YOUR OBJECTIVE: Quote each record exactly, please, leaving none out.

DATASET RECORDS:
========================================

lemma lipschitz_like_constI_infdist:
  fixes T :: "'a::real_normed_vector \<Rightarrow> 'b::real_normed_vector set"
  assumes "0 \<le> L" "L < K" "open U" "ab \<in> U" "open V" "bb \<in> V"
    and dist_bound: "\<And>a u z. a \<in> U \<Longrightarrow> u \<in> U \<Longrightarrow> z \<in> T a \<inter> V \<Longrightarrow>
       T u \<noteq> {} \<and> infdist z (T u) \<le> L * norm (a - u)"
  shows "lipschitz_like_const T K ab bb"
proof -
  have enlarged: "z \<in> {z' + b | z' b. z' \<in> T u \<and> norm b \<le> K * norm (a - u)}"
    if "a \<in> U" "u \<in> U" "z \<in> T a \<inter> V" for a u z
  proof (cases "a = u")
    case True
    then show ?thesis
      using \<open>z \<in> T a \<inter> V\<close> by force
  next
    case False
    then have "L * norm (a - u) < K * norm (a - u)"
      using \<open>L < K\<close> by simp
    then have "infdist z (T u) < K * norm (a - u)" "T u \<noteq> {}"
      using dist_bound[OF that] by auto
    then obtain z' where "z' \<in> T u" "dist z z' < K * norm (a - u)"
      using infdist_lessE by blast
    then show ?thesis
      by (intro CollectI exI[of _ z'] exI[of _ "z - z'"]) (simp add: dist_norm)
  qed
  have "0 \<le> K"
    using assms(1,2) by simp
  then show ?thesis
    unfolding lipschitz_like_const_def using assms(3-6) enlarged
    by (intro conjI exI[of _ U] exI[of _ V]) blast+
qed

========================================

YOUR RESPONSE:
lemma lipschitz_like_constI_infdist:
  fixes T :: "'a::real_normed_vector \<Rightarrow> 'b::real_normed_vector set"
  assumes "0 \<le> L" "L < K" "open U" "ab \<in> U" "open V" "bb \<in> V"
    and dist_bound: "\<And>a u z. a \<in> U \<Longrightarrow> u \<in> U \<Longrightarrow> z \<in> T a \<inter> V \<Longrightarrow>
       T u \<noteq> {} \<and> infdist z (T u) \<le> L * norm (a - u)"
  shows "lipschitz_like_const T K ab bb"
proof -
  have enlarged: "z \<in> {z' + b | z' b. z' \<in> T u \<and> norm b \<le> K * norm (a - u)}"
    if "a \<in> U" "u \<in> U" "z \<in> T a \<inter> V" for a u z
  proof (cases "a = u")
    case True
    then show ?thesis
      using \<open>z \<in> T a \<inter> V\<close> by force
  next
    case False
    then have "L * norm (a - u) < K * norm (a - u)"
      using \<open>L < K\<close> by simp
    then have "infdist z (T u) < K * norm (a - u)" "T u \<noteq> {}"
      using dist_bound[OF that] by auto
    then obtain z' where "z' \<in> T u" "dist z z' < K * norm (a - u)"
      using infdist_lessE by blast
    then show ?thesis
      by (intro CollectI exI[of _ z'] exI[of _ "z - z'"]) (simp add: dist_norm)
  qed
  have "0 \<le> K"
    using assms(1,2) by simp
  then show ?thesis
    unfolding lipschitz_like_const_def using assms(3-6) enlarged
    by (intro conjI exI[of _ U] exI[of _ V]) blast+
qed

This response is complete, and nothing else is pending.